Overcrowded classrooms reduce the amount of individual attention students receive, strain teacher capacity, and increase classroom management challenges. Teachers often sacrifice their planning time to cover additional classes or duties, leading to chronic burnout and high attrition rates (National Education Association [NEA], 2023). As more educators leave the profession, class sizes grow even larger—creating a harmful cycle that school leaders continue to acknowledge but fail to address with meaningful systemic change.

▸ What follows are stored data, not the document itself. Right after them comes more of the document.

(* The Lemke--Howson algorithm solves nondegenerate instances of the tropical Nash equilibrium complementarity problem (TNECP) within at most $2n-1$ iterations, where $n$ is the number of rows of the system.
   Context: Over the max-plus semifield $\mathbb{T}=\mathbb{R}\cup\{-\infty\}$ ($\oplus=\max$, $\odot=+$), TNECP asks, given an $n\times n$ matrix $M^-$ with no all-$(-\infty)$ column and $q^+\in\mathbb{T}^n$ with no $-\infty$ entry, for $(w,z)\in\mathbb{T}^n\times\mathbb{T}^n$ with $w\oplus M^-\odot z=q^+$, $w^\top\odot z=-\infty$, $z\neq-\infty$. The instance is nondegenerate if for each $j\in[n]$ the minimum $\min_k (q^+_k - M^-_{kj})$ is attained exactly once. Write the system as $A\odot x=b$ with $A=(I\ M^-)$ (tropical identity), columns indexed by $[n]\uplus[n]$ (blue copy for $w$, red copy for $z$; two elements are twins if same label, different colors). A tropical basis of $A\odot x=b$ ($A\in\mathbb{T}^{n\times d}$) is $B\subset[d]$ of size $n$ with a bijection $\phi:[n]\to B$ such that for each $i$, $b_i - A_{i\phi(i)}\in\mathbb{T}$ is minimal among $b_k-A_{k\phi(i)}$, $k\in[n]$. In the nondegenerate case, for a basis $B$ and $j\notin B$ there is a unique other basis contained in $B\cup\{j\}$. Fix $j^\star\in[n]$. The Lemke--Howson algorithm starts with $B=[n]\uplus\varnothing$ and entering element $\gamma=(j^\star,\text{red})$, and repeatedly: replaces $B$ by the unique basis $B'\subset B\cup\{\gamma\}$ distinct from $B$, sets $\gamma$ to the twin of the element of $B\setminus B'$, and stops when $B$ is fully labeled (all labels in $[n]$ appear in $B$). *)

theory Defs
  imports "HOL-Library.Extended_Real"
begin

text \<open>Tropical numbers T = R with -infinity are modelled by ereal values different from +infinity.  The ground set [n] disjoint-union [n] is modelled
by the sum type nat + nat: Inl i is the blue copy of i (variable w_i), Inr i is the red copy
(variable z_i).\<close>

definition elems :: "nat \<Rightarrow> (nat + nat) set" where
  "elems n = Inl ` {..<n} \<union> Inr ` {..<n}"

definition label :: "nat + nat \<Rightarrow> nat" where
  "label e = (case e of Inl i \<Rightarrow> i | Inr i \<Rightarrow> i)"

definition twin :: "nat + nat \<Rightarrow> nat + nat" where
  "twin e = (case e of Inl i \<Rightarrow> Inr i | Inr i \<Rightarrow> Inl i)"

text \<open>Column e of A = (I  M), I the tropical identity (0 on diagonal, -infinity elsewhere).\<close>
definition colA :: "(nat \<Rightarrow> nat \<Rightarrow> ereal) \<Rightarrow> nat \<Rightarrow> nat + nat \<Rightarrow> ereal" where
  "colA M k e = (case e of Inl j \<Rightarrow> (if k = j then 0 else -\<infinity>) | Inr j \<Rightarrow> M k j)"

definition trop_basis :: "nat \<Rightarrow> (nat \<Rightarrow> nat \<Rightarrow> ereal) \<Rightarrow> (nat \<Rightarrow> real) \<Rightarrow> (nat + nat) set \<Rightarrow> bool" where
  "trop_basis n M q B \<longleftrightarrow> B \<subseteq> elems n \<and> card B = n \<and>
     (\<exists>\<phi>. bij_betw \<phi> {..<n} B \<and>
        (\<forall>i<n. ereal (q i) - colA M i (\<phi> i) \<noteq> \<infinity> \<and>
               (\<forall>k<n. ereal (q i) - colA M i (\<phi> i) \<le> ereal (q k) - colA M k (\<phi> i))))"

definition nondegenerate :: "nat \<Rightarrow> (nat \<Rightarrow> nat \<Rightarrow> ereal) \<Rightarrow> (nat \<Rightarrow> real) \<Rightarrow> bool" where
  "nondegenerate n M q \<longleftrightarrow>
     (\<forall>j<n. \<exists>!k. k < n \<and> (\<forall>k'<n. ereal (q k) - M k j \<le> ereal (q k') - M k' j))"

School Choice: A Misdirected Solution
In the face of mounting dissatisfaction with the public education system, some lawmakers have turned to school choice as a supposed solution. Recent efforts include Texas advancing a $1 billion voucher bill and federal lawmakers pushing the Educational Choice for Children Act—legislation that provides tax incentives for families sending children to private institutions (Axios, 2023; America First Policy Institute, 2023).
While these policies promote the idea of parent empowerment, they divert public funds from neighborhood schools and fail to addreikonss core structural issues like overcrowding, underfunding, and teacher shortages. Choosing a different school doesn't guarantee smaller class sizes or better instruction. Instead, it often leaves the most vulnerable students behind in already struggling schools.
Inclusion in Name Only: When “General Education” Isn’t Least Restrictive
Roughly 15% of public school students receive services under the Individuals with Disabilities Education Act (IDEA), and over 60% of these students spend at least 80% of their day in general education settings (NCES, 2023; University of New Hampshire, 2023). On the surface, this placement may appear inclusive, but when the general education environment is overcrowded and under-resourced, it is far from the “least restrictive environment” promised by law.
In many classrooms, over half of the students may qualify for academic or behavioral interventions, stretching one teacher to support a wide spectrum of needs without adequate staffing or support. The result? Students fall through the cracks, teachers are overwhelmed, and the purpose of inclusion is undermined.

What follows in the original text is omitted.